Source data:
lemma fourier_back_std_bump_nonzero: "\<exists>l. fourier_back std_bump l \<noteq> 0"
proof (rule ccontr)
  assume "\<nexists>l. fourier_back std_bump l \<noteq> 0"
  then have "(LINT l|lborel. of_real (std_normal_density l) * fourier_back std_bump l) = 0"
    by simp
  moreover have "integrable lborel std_bump"
    by (rule integrable_lborel_vanishing[OF test_function1_continuous[OF test_function1_std_bump], of 1])
      (auto simp: std_bump_def bump_def)
  ultimately have "(LINT x|lborel. of_real (exp (- (x^2) / 2)) * std_bump x) = 0"
    using integral_normal_density_fourier_back[OF test_function1_std_bump] integral_gaussian_fourier
    by simp
  then have "complex_of_real (LINT x|lborel. exp (- (x^2) / 2) * bump 0 x) = 0"
    unfolding std_bump_def of_real_mult[symmetric] integral_complex_of_real .
  with integral_gaussian_bump_pos show False by simp
qed

section \<open>The KD distribution on product test functions\<close>

lemma lborel_vec2_product:
  fixes f g :: "real \<Rightarrow> complex"
  assumes f: "integrable lborel f" and g: "integrable lborel g"
  shows "integrable lborel (\<lambda>x::real^2. f (x$1) * g (x$2))"
    and "(LINT x|(lborel::(real^2) measure). f (x$1) * g (x$2)) = (LINT x|lborel. f x) * (LINT x|lborel. g x)"
proof -
  interpret P: product_sigma_finite "\<lambda>_::real^2. lborel::real measure" by standard
  have basis: "(Basis :: (real^2) set) = {axis 1 1, axis 2 1}" "axis (1::2) (1::real) \<noteq> axis 2 1"
    unfolding Basis_vec_def by (auto simp: UNIV_2 axis_eq_axis)
  define F where "F b = (if b = axis 1 1 then f else g)" for b :: "real^2"
  define T where "T = (\<lambda>G::real^2 \<Rightarrow> real. \<Sum>b\<in>Basis. G b *\<^sub>R b)"
  have [measurable]: "f \<in> borel_measurable borel" "g \<in> borel_measurable borel" using f g by auto
  have T_meas[measurable]: "T \<in> measurable (\<Pi>\<^sub>M b\<in>Basis. lborel) borel" unfolding T_def by measurable
  have fg_meas: "(\<lambda>x::real^2. f (x$1) * g (x$2)) \<in> borel_measurable borel" by measurable
  have "T G $ 1 = G (axis 1 1)" "T G $ 2 = G (axis 2 1)" for G
    unfolding T_def basis(1) using basis(2) by (auto simp: axis_def)
  then have product: "(\<lambda>G. f (T G $ 1) * g (T G $ 2)) = (\<lambda>G. \<Prod>b\<in>Basis. F b (G b))"
    unfolding basis(1) F_def using basis(2) by (auto simp: fun_eq_iff)
  show "integrable lborel (\<lambda>x::real^2. f (x$1) * g (x$2))"
    unfolding lborel_eq[where 'a="real^2"] T_def[symmetric] integrable_distr_eq[OF T_meas fg_meas]
    unfolding product by (rule P.product_integrable_prod) (auto simp: F_def f g)
  have "(LINT x|(lborel::(real^2) measure). f (x$1) * g (x$2)) =
      integral\<^sup>L (\<Pi>\<^sub>M b\<in>Basis. lborel) (\<lambda>G. \<Prod>b\<in>Basis. F b (G b))"
    unfolding lborel_eq[where 'a="real^2"] T_def[symmetric] integral_distr[OF T_meas fg_meas] product ..
  also have "\<dots> = (\<Prod>b\<in>Basis. integral\<^sup>L lborel (F b))"
    by (rule P.product_integral_prod) (auto simp: F_def f g)
  finally show "(LINT x|(lborel::(real^2) measure). f (x$1) * g (x$2)) =
      (LINT x|lborel. f x) * (LINT x|lborel. g x)"
    unfolding basis(1) F_def using basis(2) by simp
qed

lemma test_function_tensor:
  assumes "test_function1 h" "test_function1 q"
  shows "test_function (\<lambda>x::real^2. h (x$1) * q (x$2))"
proof -
  obtain R where R: "\<And>x. R \<le> \<bar>x\<bar> \<Longrightarrow> h x = 0" using test_function1_support[OF assms(1)] by blast
  obtain R' where R': "\<And>x. R' \<le> \<bar>x\<bar> \<Longrightarrow> q x = 0" using test_function1_support[OF assms(2)] by blast
  have "h (x$1) * q (x$2) = 0" if "R + R' < norm x" for x :: "real^2"
  proof (rule ccontr)
    assume "h (x$1) * q (x$2) \<noteq> 0"
    then have "\<bar>x$1\<bar> < R" "\<bar>x$2\<bar> < R'" using R R' by (auto simp: not_le[symmetric])
    moreover have "norm x \<le> \<bar>x$1\<bar> + \<bar>x$2\<bar>" using norm_le_l1_cart[of x] by (simp add: sum_2)
    ultimately show False using that by linarith
  qed
  moreover have "smooth_fun (\<lambda>x::real^2. h (x$1) * q (x$2))"
    unfolding smooth_fun_def using Ck_fun_tensor assms unfolding test_function1_def by blast
  ultimately show ?thesis unfolding test_function_def by blast
qed

lemma trace_spectral_product:
  "trace ((mat_scale u1 P1 + mat_scale u2 P2) ** (mat_scale v1 Q1 + mat_scale v2 Q2) ** \<rho>) =
      u1 * v1 * trace (P1 ** Q1 ** \<rho>) + u1 * v2 * trace (P1 ** Q2 ** \<rho>)
    + u2 * v1 * trace (P2 ** Q1 ** \<rho>) + u2 * v2 * trace (P2 ** Q2 ** \<rho>)"
  by (simp add: matrix_add_rdistrib matrix_add_ldistrib mat_scale_mult_left mat_scale_mult_right
      trace_add trace_mat_scale mat_scale_mat_scale algebra_simps)

lemma KD_char_spectral:
  assumes "A ** P1 = mat_scale (of_real a1) P1" "A ** P2 = mat_scale (of_real a2) P2" "P1 + P2 = mat 1"
    and "B ** Q1 = mat_scale (of_real b1) Q1" "B ** Q2 = mat_scale (of_real b2) Q2" "Q1 + Q2 = mat 1"
  shows "KD_char A B \<rho> s =
      phase (s$1) a1 * phase (s$2) b1 * trace (P1 ** Q1 ** \<rho>)
    + phase (s$1) a1 * phase (s$2) b2 * trace (P1 ** Q2 ** \<rho>)
    + phase (s$1) a2 * phase (s$2) b1 * trace (P2 ** Q1 ** \<rho>)
    + phase (s$1) a2 * phase (s$2) b2 * trace (P2 ** Q2 ** \<rho>)"
  unfolding KD_char_def mat_exp_mat_scale_spectral[OF assms(1-3)] mat_exp_mat_scale_spectral[OF assms(4-6)]
    trace_spectral_product phase_def
  by (simp add: mult.assoc)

Exercise aim:
In the lines above, find each one with "measurable" and list it.

Result of this exercise:
  have [measurable]: "f \<in> borel_measurable borel" "g \<in> borel_measurable borel" using f g by auto
  have T_meas[measurable]: "T \<in> measurable (\<Pi>\<^sub>M b\<in>Basis. lborel) borel" unfolding T_def by measurable
  have fg_meas: "(\<lambda>x::real^2. f (x$1) * g (x$2)) \<in> borel_measurable borel" by measurable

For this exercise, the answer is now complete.